Hailan Liu, Guo-Bo Chen
a Maize Research Institute, Sichuan Agricultural University, Chengdu 611130, Sichuan, China
b Phase I Clinical Research Institute, Zhejiang Provincial People’s Hospital, Affiliated People’s Hospital, Hangzhou Medical College, Hangzhou 310014, Zhejiang, China
c Key Laboratory of Endocrine Gland Diseases of Zhejiang Province, Hangzhou 310014, Zhejiang, China
Keywords:Genomic prediction GBLUP Randomized HE-regression Modified algorithm for Proven and Young
ABSTRACT Computational efficiency has become a key issue in genomic prediction (GP) owing to the massive historical datasets accumulated. We developed hereby a new super-fast GP approach (SHEAPY) combining randomized Haseman-Elston regression (RHE-reg) with a modified Algorithm for Proven and Young(APY) in an additive-effect model, using the former to estimate heritability and then the latter to invert a large genomic relationship matrix for best linear prediction. In simulation results with varied sizes of training population,GBLUP,HEAPY|A and SHEAPY showed similar predictive performance when the size of a core population was half that of a large training population and the heritability was a fixed value,and the computational speed of SHEAPY was faster than that of GBLUP and HEAPY|A. In simulation results with varied heritability, SHEAPY showed better predictive ability than GBLUP in all cases and than HEAPY|A in most cases when the size of a core population was 4/5 that of a small training population and the training population size was a fixed value.As a proof of concept,SHEAPY was applied to the analysis of two real datasets. In an Arabidopsis thaliana F2 population, the predictive performance of SHEAPY was similar to or better than that of GBLUP and HEAPY|A in most cases when the size of a core population(200) was 2/3 of that of a small training population (300). In a sorghum multiparental population,SHEAPY showed higher predictive accuracy than HEAPY|A for all of three traits, and than GBLUP for two traits. SHEAPY may become the GP method of choice for large-scale genomic data.
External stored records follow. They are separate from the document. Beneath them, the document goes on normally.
(* Let $X$ be a finite graded poset and let $f\colon X\to\mathbb R$ be a Morse function satisfying the Exclusion condition. Then there exists an order preserving Morse function $f'\colon X\to\mathbb R$ (i.e. $x\le y\Rightarrow f'(x)\le f'(y)$) satisfying the Exclusion condition and having the same associated Morse matching as $f$, i.e. $\mathcal M_{f'}=\mathcal M_f$.
   Context: In a poset, write $a\prec b$ if $a<b$ and there is no $c$ with $a<c<b$. A chain $x_0<\dots<x_n$ has length $n$; a poset is homogeneous of degree $n$ if all its maximal chains have length $n$; $X$ is graded if $U_x=\{y:y\le x\}$ is homogeneous for every $x$. A Morse function on a finite poset $X$ is a map $f\colon X\to\mathbb R$ such that for every $x$, $\#\{y: x\prec y,\ f(x)\ge f(y)\}\le1$ and $\#\{w: w\prec x,\ f(w)\ge f(x)\}\le 1$; $x$ is critical if both sets are empty, regular otherwise. $f$ satisfies the Exclusion condition if for every regular $x$ exactly one of these two sets is nonempty. The associated matching is $\mathcal M_f=\{(w,x): w\prec x,\ f(w)\ge f(x)\}$. *)

theory Defs
  imports Complex_Main
begin

text \<open>A (finite) poset is modelled as a carrier set X of a type with a partial order;
  the order on X is the restriction of the ambient order.\<close>

definition covers :: "'a::order set \<Rightarrow> 'a \<Rightarrow> 'a \<Rightarrow> bool" where
  "covers X a b \<longleftrightarrow> a \<in> X \<and> b \<in> X \<and> a < b \<and> \<not> (\<exists>c\<in>X. a < c \<and> c < b)"

definition is_chain :: "'a::order set \<Rightarrow> 'a list \<Rightarrow> bool" where
  "is_chain S xs \<longleftrightarrow> xs \<noteq> [] \<and> set xs \<subseteq> S \<and> sorted_wrt (<) xs"

definition chain_length :: "'a list \<Rightarrow> nat" where
  "chain_length xs = length xs - 1"

definition maximal_chain :: "'a::order set \<Rightarrow> 'a list \<Rightarrow> bool" where
  "maximal_chain S xs \<longleftrightarrow> is_chain S xs \<and>
     (\<forall>ys. is_chain S ys \<and> set xs \<subseteq> set ys \<longrightarrow> set ys = set xs)"

definition homogeneous_of_degree :: "'a::order set \<Rightarrow> nat \<Rightarrow> bool" where
  "homogeneous_of_degree S n \<longleftrightarrow> (\<forall>xs. maximal_chain S xs \<longrightarrow> chain_length xs = n)"

definition homogeneous :: "'a::order set \<Rightarrow> bool" where
  "homogeneous S \<longleftrightarrow> (\<exists>n. homogeneous_of_degree S n)"

definition down_set :: "'a::order set \<Rightarrow> 'a \<Rightarrow> 'a set" where
  "down_set X x = {y \<in> X. y \<le> x}"

definition graded :: "'a::order set \<Rightarrow> bool" where
  "graded X \<longleftrightarrow> (\<forall>x\<in>X. homogeneous (down_set X x))"

definition up_low :: "'a::order set \<Rightarrow> ('a \<Rightarrow> real) \<Rightarrow> 'a \<Rightarrow> 'a set" where
  "up_low X f x = {y. covers X x y \<and> f x \<ge> f y}"

definition down_high :: "'a::order set \<Rightarrow> ('a \<Rightarrow> real) \<Rightarrow> 'a \<Rightarrow> 'a set" where
  "down_high X f x = {w. covers X w x \<and> f w \<ge> f x}"

definition morse_function :: "'a::order set \<Rightarrow> ('a \<Rightarrow> real) \<Rightarrow> bool" where
  "morse_function X f \<longleftrightarrow>
     (\<forall>x\<in>X. card (up_low X f x) \<le> 1 \<and> card (down_high X f x) \<le> 1)"

definition critical :: "'a::order set \<Rightarrow> ('a \<Rightarrow> real) \<Rightarrow> 'a \<Rightarrow> bool" where
  "critical X f x \<longleftrightarrow> up_low X f x = {} \<and> down_high X f x = {}"

definition exclusion_condition :: "'a::order set \<Rightarrow> ('a \<Rightarrow> real) \<Rightarrow> bool" where
  "exclusion_condition X f \<longleftrightarrow>
     (\<forall>x\<in>X. \<not> critical X f x \<longrightarrow>
        ((up_low X f x \<noteq> {}) \<noteq> (down_high X f x \<noteq> {})))"

definition morse_matching :: "'a::order set \<Rightarrow> ('a \<Rightarrow> real) \<Rightarrow> ('a \<times> 'a) set" where
  "morse_matching X f = {(w, x). covers X w x \<and> f w \<ge> f x}"

end

theory Submission
  imports Defs
begin

text \<open>In a finite graded poset the rank grows by exactly one along every cover. Let
  f'(x) = rank x for critical x, and give both ends of a matched cover w \<prec> x the value
  rank w + 1/2 + s(f w), where s is strictly increasing with values in (-1/4, 1/4). Along an
  unmatched cover a \<prec> b the rank alone makes f' go up, except when a and b are the lower and the
  upper end of two different matched pairs; then f a < f b \<le> f d for the partner d of b, and s
  decides. Hence f' increases weakly along covers and is constant exactly on the matched ones, so
  f and f' have the same up and down sets and the same matching; in a finite poset monotonicity
  along covers is order preservation.\<close>

lemma sorted_wrt_less_distinct: "sorted_wrt (<) (xs :: 'a::order list) \<Longrightarrow> distinct xs"
  by (induction xs) auto

lemma sorted_wrt_less_comparable:
  "sorted_wrt (<) (xs :: 'a::order list) \<Longrightarrow> u \<in> set xs \<Longrightarrow> v \<in> set xs \<Longrightarrow> u < v \<or> u = v \<or> v < u"
  by (induction xs) auto

lemma maximal_chainI:
  "is_chain S xs \<Longrightarrow> (\<And>ys. is_chain S ys \<Longrightarrow> set xs \<subseteq> set ys \<Longrightarrow> set ys = set xs)
    \<Longrightarrow> maximal_chain S xs"
  unfolding maximal_chain_def by blast

lemma maximal_chainD:
  assumes "maximal_chain S xs"
  shows "xs \<noteq> []" "set xs \<subseteq> S" "sorted_wrt (<) xs"
    and "is_chain S ys \<Longrightarrow> set xs \<subseteq> set ys \<Longrightarrow> set ys = set xs"
  using assms by (simp_all add: maximal_chain_def is_chain_def)

lemma maximal_chain_exists:
  fixes S :: "'a::order set"
  assumes "finite S" "x \<in> S"
  obtains xs where "maximal_chain S xs"
proof -
  let ?P = "\<lambda>n. \<exists>xs. is_chain S xs \<and> length xs = n"
  have "?P 1" using assms by (intro exI[of _ "[x]"]) (auto simp: is_chain_def)
  moreover have "n \<le> card S" if "?P n" for n
  proof -
    obtain xs where "is_chain S xs" "length xs = n" using \<open>?P n\<close> by blast
    then have "distinct xs" "set xs \<subseteq> S" by (auto simp: is_chain_def sorted_wrt_less_distinct)
    then show ?thesis using \<open>length xs = n\<close> assms(1) by (metis card_mono distinct_card)
  qed
  ultimately obtain n where n: "?P n" "\<And>m. ?P m \<Longrightarrow> m \<le> n"
    using Nat.ex_has_greatest_nat[of ?P 1 "card S"] by blast
  then obtain xs where xs: "is_chain S xs" "length xs = n" by blast
  have "maximal_chain S xs"
  proof (rule maximal_chainI[OF xs(1)])
    fix ys assume ys: "is_chain S ys" "set xs \<subseteq> set ys"
    have "distinct xs" "distinct ys" using xs ys by (auto simp: is_chain_def sorted_wrt_less_distinct)
    then have "card (set ys) \<le> card (set xs)" using n(2) ys xs by (auto simp: distinct_card)
    then show "set ys = set xs" using ys card_seteq[of "set ys" "set xs"] by auto
  qed
  then show thesis by (rule that)
qed

lemma maximal_chain_down_set_mem:
  assumes xs: "maximal_chain (down_set X a) xs" and "a \<in> X"
  shows "a \<in> set xs"
proof (rule ccontr)
  assume a: "a \<notin> set xs"
  have "x < a" if "x \<in> set xs" for x
  proof -
    have "x \<le> a" using that maximal_chainD(2)[OF xs] by (auto simp: down_set_def)
    moreover have "x \<noteq> a" using that a by blast
    ultimately show ?thesis by simp
  qed
  then have "sorted_wrt (<) (xs @ [a])" using maximal_chainD(3)[OF xs] by (simp add: sorted_wrt_append)
  moreover have "set (xs @ [a]) \<subseteq> down_set X a"
    using maximal_chainD(2)[OF xs] \<open>a \<in> X\<close> by (simp add: down_set_def)
  ultimately have "is_chain (down_set X a) (xs @ [a])" by (simp add: is_chain_def)
  then have "set (xs @ [a]) = set xs" by (rule maximal_chainD(4)[OF xs]) auto
  moreover have "a \<in> set (xs @ [a])" by simp
  ultimately show False using a by simp
qed

lemma maximal_chain_down_set_covers:
  assumes cv: "covers X a b" and xs: "maximal_chain (down_set X a) xs"
  shows "maximal_chain (down_set X b) (xs @ [b])"
proof (rule maximal_chainI)
  have aX: "a \<in> X" and bX: "b \<in> X" and ab: "a < b" and between: "\<not> (\<exists>c\<in>X. a < c \<and> c < b)"
    using cv by (auto simp: covers_def)
  note xsc = maximal_chainD(2,3)[OF xs]
  have "x < b" if "x \<in> set xs" for x
    using that xsc(1) ab by (auto simp: down_set_def intro: le_less_trans)
  then show "is_chain (down_set X b) (xs @ [b])"
    using xsc ab bX by (auto simp: is_chain_def sorted_wrt_append down_set_def)
  fix ys assume ys: "is_chain (down_set X b) ys" "set (xs @ [b]) \<subseteq> set ys"
  let ?ys' = "filter (\<lambda>z. z \<noteq> b) ys"
  have ysc: "set ys \<subseteq> down_set X b" "sorted_wrt (<) ys" using ys(1) by (simp_all add: is_chain_def)
  have "a \<in> set ys" using ys(2) maximal_chain_down_set_mem[OF xs aX] by auto
  \<comment> \<open>ys is a chain through a, and nothing lies strictly between a and b\<close>
  have "z \<le> a" if "z \<in> set ?ys'" for z
  proof -
    have "z \<in> X" "z < b" using that ysc(1) by (auto simp: down_set_def)
    with between sorted_wrt_less_comparable[OF ysc(2) _ \<open>a \<in> set ys\<close>, of z] that
    show ?thesis by auto
  qed
  moreover have "?ys' \<noteq> []" using \<open>a \<in> set ys\<close> ab by (auto simp: filter_empty_conv)
  ultimately have "is_chain (down_set X a) ?ys'"
    using ysc by (auto simp: is_chain_def down_set_def sorted_wrt_filter)
  moreover have "set xs \<subseteq> set ?ys'" using ys(2) xsc(1) ab by (auto simp: down_set_def)
  ultimately have "set ?ys' = set xs" by (rule maximal_chainD(4)[OF xs])
  then show "set ys = set (xs @ [b])" using ys(2) by auto
qed

definition poset_rank :: "'a::order set \<Rightarrow> 'a \<Rightarrow> nat" where
  "poset_rank X x = (SOME n. homogeneous_of_degree (down_set X x) n)"

lemma poset_rank_eq_chain_length:
  assumes "graded X" "x \<in> X" "maximal_chain (down_set X x) xs"
  shows "poset_rank X x = chain_length xs"
proof -
  obtain n where "homogeneous_of_degree (down_set X x) n"
    using assms(1,2) unfolding graded_def homogeneous_def by blast
  then have "homogeneous_of_degree (down_set X x) (poset_rank X x)"
    unfolding poset_rank_def by (rule someI)
  then show ?thesis using assms(3) unfolding homogeneous_of_degree_def by simp
qed

lemma poset_rank_covers:
  assumes "finite X" "graded X" and cv: "covers X a b"
  shows "poset_rank X b = poset_rank X a + 1"
proof -
  have aX: "a \<in> X" and bX: "b \<in> X" using cv by (auto simp: covers_def)
  obtain xs where xs: "maximal_chain (down_set X a) xs"
    using maximal_chain_exists[of "down_set X a" a] assms(1) aX by (auto simp: down_set_def)
  from maximal_chainD(1)[OF xs] poset_rank_eq_chain_length[OF assms(2) aX xs]
    poset_rank_eq_chain_length[OF assms(2) bX maximal_chain_down_set_covers[OF cv xs]]
  show ?thesis by (simp add: chain_length_def)
qed

lemma exists_cover_below:
  assumes "finite X" "x \<in> X" "y \<in> X" "x < y"
  obtains m where "covers X x m" "m \<le> y"
proof -
  let ?S = "{z\<in>X. x < z \<and> z \<le> y}"
  have "y \<in> ?S" using assms by simp
  then obtain m where m: "m \<in> ?S" "\<And>z. z \<in> ?S \<Longrightarrow> z \<le> m \<Longrightarrow> m = z"
    using finite_has_minimal[of ?S] assms(1) by auto
  then have "covers X x m" using assms(2) by (fastforce simp: covers_def)
  then show thesis using that m(1) by blast
qed

lemma monotone_if_monotone_on_covers:
  fixes g :: "'a::order \<Rightarrow> 'b::preorder"
  assumes "finite X" and cov: "\<And>a b. covers X a b \<Longrightarrow> g a \<le> g b"
  shows "x \<in> X \<Longrightarrow> y \<in> X \<Longrightarrow> x \<le> y \<Longrightarrow> g x \<le> g y"
proof (induction "card {z\<in>X. x < z \<and> z \<le> y}" arbitrary: x rule: less_induct)
  case less
  show ?case
  proof (cases "x = y")
    case False
    then have "x < y" using less.prems(3) by simp
    then obtain m where m: "covers X x m" "m \<le> y"
      using exists_cover_below[OF assms(1) less.prems(1,2)] by blast
    have "m \<in> X" "x < m" using m(1) by (auto simp: covers_def)
    then have "{z\<in>X. m < z \<and> z \<le> y} \<subset> {z\<in>X. x < z \<and> z \<le> y}"
      using m(2) by auto
    then have "card {z\<in>X. m < z \<and> z \<le> y} < card {z\<in>X. x < z \<and> z \<le> y}"
      using assms(1) by (simp add: psubset_card_mono)
    then have "g m \<le> g y" using less.hyps \<open>m \<in> X\<close> m(2) less.prems(2) by blast
    then show ?thesis using cov[OF m(1)] order_trans by blast
  qed simp
qed

lemma down_high_eq_singleton:
  assumes "finite X" "morse_function X f" and w: "w \<in> down_high X f x"
  shows "down_high X f x = {w}"
proof -
  have "x \<in> X" using w by (simp add: down_high_def covers_def)
  then have "card (down_high X f x) \<le> Suc 0" using assms(2) by (simp add: morse_function_def)
  moreover have "finite (down_high X f x)"
    using assms(1) by (rule rev_finite_subset) (auto simp: down_high_def covers_def)
  ultimately show ?thesis using w card_le_Suc0_iff_eq by blast
qed

lemma morse_data_eq_if_same_cover_order:
  assumes "\<And>a b. covers X a b \<Longrightarrow> g b \<le> g a \<longleftrightarrow> f b \<le> f a"
  shows "up_low X g = up_low X f" "down_high X g = down_high X f"
    and "morse_matching X g = morse_matching X f"
proof -
  have "(covers X w x \<and> g x \<le> g w) \<longleftrightarrow> (covers X w x \<and> f x \<le> f w)" for w x
    using assms by blast
  then show "up_low X g = up_low X f" "down_high X g = down_high X f"
    and "morse_matching X g = morse_matching X f"
    unfolding up_low_def down_high_def morse_matching_def by simp_all
qed

definition squash :: "real \<Rightarrow> real" where
  "squash t = arctan t / (2 * pi)"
Application of conventional marker-assisted selection (MAS) to animal and plant breeding has improved trial-and-error breeding based on phenotypic selection [1–4], but it is valid only for qualitative traits and quantitative traits controlled by large-effect quantitative-trait loci(QTL)and fails for polygenic traits controlled by many small-effect QTL [5,6]. With the development of highthroughput genotyping technology and statistical models, a technology called genomic prediction(GP)has been proposed and successfully applied to the improvement of quantitative traits[7–10].
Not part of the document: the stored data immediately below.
lemma prob_outage_ge:
  assumes "0 < \<rho>" "0 \<le> outage_threshold r \<rho>" "outage_threshold r \<rho> \<le> 1"
  shows "(outage_threshold r \<rho> / 6) ^ (M + 1)
    \<le> prob {\<omega> \<in> space P. df_outage M \<rho> (r * ln \<rho>) (\<lambda>c. a c \<omega>)}"
proof -
  define t where "t = outage_threshold r \<rho>"
  define J where "J = relay_cut M {1..M}"
  have J: "J \<subseteq> channels M" "J \<noteq> {}" "card J = M + 1"
    unfolding J_def by (simp_all add: relay_cut_subset_channels relay_cut_nonempty card_relay_cut)
  have "(\<Inter>c\<in>J. weak_link t c) \<subseteq> {\<omega> \<in> space P. df_outage M \<rho> (r * ln \<rho>) (\<lambda>c. a c \<omega>)}"
    using df_outage_if_source_links_weak[OF relays assms(1)]
    by (auto simp: J_def relay_cut_def weak_link_def t_def)
  then have "prob (\<Inter>c\<in>J. weak_link t c) \<le> prob {\<omega> \<in> space P. df_outage M \<rho> (r * ln \<rho>) (\<lambda>c. a c \<omega>)}"
    by (intro finite_measure_mono outage_in_events)
  then show ?thesis
    using prob_weak_links(1)[OF J(1,2), of t] assms J(3) by (simp add: t_def)
qed

lemma prob_outage_le:
  assumes "0 < \<rho>" "0 \<le> outage_threshold r \<rho>" "outage_threshold r \<rho> \<le> 1"
  shows "prob {\<omega> \<in> space P. df_outage M \<rho> (r * ln \<rho>) (\<lambda>c. a c \<omega>)}
    \<le> 2 ^ M * (2 * outage_threshold r \<rho>) ^ (M + 1)"
proof -
  define t where "t = outage_threshold r \<rho>"
  define C where "C S = (\<Inter>c\<in>relay_cut M S. weak_link t c)" for S
  have C_events: "C S \<in> events" if "S \<subseteq> {1..M}" for S
    unfolding C_def using relay_cut_subset_channels[OF that]
    by (intro sets.finite_INT weak_link_in_events)
      (auto intro: finite_subset[OF _ finite_channels] simp: relay_cut_nonempty)
  have "{\<omega> \<in> space P. df_outage M \<rho> (r * ln \<rho>) (\<lambda>c. a c \<omega>)} \<subseteq> (\<Union>S\<in>Pow {1..M}. C S)"
  proof
    fix \<omega> assume \<omega>: "\<omega> \<in> {\<omega> \<in> space P. df_outage M \<rho> (r * ln \<rho>) (\<lambda>c. a c \<omega>)}"
    define S where "S = {i \<in> {1..M}. (cmod (a (SR i) \<omega>))\<^sup>2 \<le> t}"
    have "\<omega> \<in> C S"
      using \<omega> df_outage_imp_weak_links[OF relays assms(1), of r "\<lambda>c. a c \<omega>"]
      by (force simp: C_def relay_cut_def weak_link_def S_def t_def min_le_iff_disj)
    then show "\<omega> \<in> (\<Union>S\<in>Pow {1..M}. C S)"
      by (auto simp: S_def)
  qed
  then have "prob {\<omega> \<in> space P. df_outage M \<rho> (r * ln \<rho>) (\<lambda>c. a c \<omega>)} \<le> prob (\<Union>S\<in>Pow {1..M}. C S)"
    using C_events by (intro finite_measure_mono) auto
  also have "\<dots> \<le> (\<Sum>S\<in>Pow {1..M}. prob (C S))"
    using C_events by (intro finite_measure_subadditive_finite) auto
  also have "\<dots> \<le> (\<Sum>S\<in>Pow {1..M}. (2 * t) ^ (M + 1))"
  proof (rule sum_mono)
    fix S assume "S \<in> Pow {1..M}"
    then have S: "S \<subseteq> {1..M}"
      by simp
    show "prob (C S) \<le> (2 * t) ^ (M + 1)"
      using prob_weak_links(2)[OF relay_cut_subset_channels[OF S] relay_cut_nonempty, of t] assms
      unfolding C_def card_relay_cut[OF S] t_def by simp
  qed
  also have "\<dots> = 2 ^ M * (2 * t) ^ (M + 1)"
    by (simp add: card_Pow)
  finally show ?thesis
    by (simp add: t_def)
qed

end

lemma tendsto_neg_ln_div_ln_of_power_bounds:
  fixes f t :: "real \<Rightarrow> real"
  assumes "0 < c" "0 < C"
    and bounds: "\<forall>\<^sub>F x in at_top. 0 < t x \<and> c * t x ^ k \<le> f x \<and> f x \<le> C * t x ^ k"
    and t_exponent: "((\<lambda>x. ln (t x) / ln x) \<longlongrightarrow> e) at_top"
  shows "((\<lambda>x. - ln (f x) / ln x) \<longlongrightarrow> - (real k * e)) at_top"
proof -
  define lo where "lo x = - ln C * (1 / ln x) - real k * (ln (t x) / ln x)" for x
  define hi where "hi x = - ln c * (1 / ln x) - real k * (ln (t x) / ln x)" for x
  have inv_ln: "((\<lambda>x::real. 1 / ln x) \<longlongrightarrow> 0) at_top"
    by real_asymp
  have "(lo \<longlongrightarrow> - ln C * 0 - real k * e) at_top" "(hi \<longlongrightarrow> - ln c * 0 - real k * e) at_top"
    unfolding lo_def hi_def by (intro tendsto_diff tendsto_mult tendsto_const inv_ln t_exponent)+
  then have lo_hi: "(lo \<longlongrightarrow> - (real k * e)) at_top" "(hi \<longlongrightarrow> - (real k * e)) at_top"
    by simp_all
  have "\<forall>\<^sub>F x in at_top. lo x \<le> - ln (f x) / ln x \<and> - ln (f x) / ln x \<le> hi x"
    using bounds eventually_gt_at_top[of 1]
  proof eventually_elim
    case (elim x)
    have pos: "0 < c * t x ^ k" "0 < C * t x ^ k" "0 < ln x"
      using elim assms(1,2) by auto
    then have "0 < f x"
      using elim by linarith
    have ln_power: "ln (d * t x ^ k) = ln d + real k * ln (t x)" if "0 < d" for d
      using that elim by (simp add: ln_mult ln_realpow)
    have lower: "ln c + real k * ln (t x) \<le> ln (f x)"
      using pos \<open>0 < f x\<close> elim by (simp flip: ln_power[OF assms(1)])
    have upper: "ln (f x) \<le> ln C + real k * ln (t x)"
      using pos \<open>0 < f x\<close> elim by (simp flip: ln_power[OF assms(2)])
    have "lo x = (- ln C - real k * ln (t x)) / ln x"
      unfolding lo_def by (simp add: diff_divide_distrib)
    also have "\<dots> \<le> - ln (f x) / ln x"
      by (rule divide_right_mono) (use upper pos(3) in linarith)+
    finally have "lo x \<le> - ln (f x) / ln x" .
    have "- ln (f x) / ln x \<le> (- ln c - real k * ln (t x)) / ln x"
      by (rule divide_right_mono) (use lower pos(3) in linarith)+
    also have "\<dots> = hi x"
      unfolding hi_def by (simp add: diff_divide_distrib)
    finally show ?case
      using \<open>lo x \<le> - ln (f x) / ln x\<close> by blast
  qed
  then show ?thesis
    by (intro tendsto_sandwich[OF _ _ lo_hi]) (auto elim: eventually_mono)
qed

theorem theorem3:
  fixes P :: "'w measure" and a :: "chan \<Rightarrow> 'w \<Rightarrow> complex"
    and M :: nat and r :: real and Pe :: "real \<Rightarrow> real"
  assumes "prob_space P"
    and "M \<ge> 1"
    and "prob_space.indep_vars P (\<lambda>_. borel) a (channels M)"
    and "\<forall>c\<in>channels M. distributed P lborel (a c) (\<lambda>z. ennreal (CN01_density z))"
    and "0 < r" and "r < 1/2"
    and "\<forall>\<rho>>0. Pe \<rho> = measure P {\<omega> \<in> space P. df_outage M \<rho> (r * ln \<rho>) (\<lambda>c. a c \<omega>)}"
  shows "((\<lambda>\<rho>. - ln (Pe \<rho>) / ln \<rho>) \<longlongrightarrow> real (M + 1) * (1 - 2 * r)) at_top"
proof -
  interpret relay_network P M a
    using assms(1-4) by (simp add: relay_network_def relay_network_axioms_def)
  define t where "t = outage_threshold r"
  have t_exponent: "((\<lambda>\<rho>. ln (t \<rho>) / ln \<rho>) \<longlongrightarrow> 2 * r - 1) at_top"
    unfolding t_def outage_threshold_def using assms(5,6) by real_asymp
  have "\<forall>\<^sub>F \<rho> in at_top. 0 < t \<rho>" "\<forall>\<^sub>F \<rho> in at_top. t \<rho> \<le> 1"
    unfolding t_def outage_threshold_def using assms(5,6) by real_asymp+
  then have "\<forall>\<^sub>F \<rho> in at_top.
      0 < t \<rho> \<and> (1 / 6) ^ (M + 1) * t \<rho> ^ (M + 1) \<le> Pe \<rho> \<and> Pe \<rho> \<le> 2 ^ M * 2 ^ (M + 1) * t \<rho> ^ (M + 1)"
    using eventually_gt_at_top[of 0]
  proof eventually_elim
    case (elim \<rho>)
    then show ?case
      using prob_outage_ge[of \<rho> r] prob_outage_le[of \<rho> r] assms(7)
      by (simp add: t_def power_mult_distrib power_divide mult_ac)
  qed
  then have "((\<lambda>\<rho>. - ln (Pe \<rho>) / ln \<rho>) \<longlongrightarrow> - (real (M + 1) * (2 * r - 1))) at_top"
    by (rule tendsto_neg_ln_div_ln_of_power_bounds[rotated 2, OF _ t_exponent]) simp_all
  then show ?thesis
    by (simp add: algebra_simps)
qed

end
In recent years, a variety of GP methods including parametric methods (such as GBLUP, BayesA, and LASSO) and nonparametric methods such as support vector machine (SVM), reproducing kernel Hilbert space(RKHS),and random forest(RF)have been developed [11]. GBLUP is a benchmark method whose computational process consists of two steps: (I) estimating heritability via restricted maximum likelihood (REML) and (II) computing genomic estimated breeding values(GEBV)by best linear unbiased prediction (BLUP). Both steps of GBLUP involve inverting a large genomic relationship matrix. To increase the predictive accuracy of GP, a very effective strategy is to increase training population sizes, but it is difficult or impracticable for conventional GBLUP to invert a genomic relationship matrix (GRM) for a large-sized training population [12]. For example, GBLUP failed to handle a massive set of greater than 3 million genotypes of U.S.Holstein cattle[13].The challenge is maintaining both predictive accuracy and computational efficiency in calculating with large datasets. Some efficient computational strategies have been developed in response to this challenge.(I)Misztal et al.[14]developed the Algorithm for Proven and Young(APY)to invert a GRM of millions of individuals.It greatly improves computational efficiency by obtaining the inverse of the GRM of a large training population using a small one randomly selected from it: the computational time of the inverse of GRM is only cubic in the size of the small population.Single-step GBLUP (ssGBLUP) based on APY has successfully performed GP of over seven million U.S. Holstein cattle [15,16]. (II)Liu and Chen [17,18] used Haseman-Elston (HE) regression based on genome-wise identity by state (IBS) to estimate heritability.The computational cost of HE is quadratic and that of REML is cubic in the training population size. Recently, Liu and Chen [12] developed a rapid genomic prediction method (HEAPY|A) combing the HE model with APY in an additive-effect model.
We present a super-fast GP method (SHEAPY) combining a modified APY with a scalable randomized algorithm for HE regression(RHE-reg),and evaluate its predictive accuracy and computing time.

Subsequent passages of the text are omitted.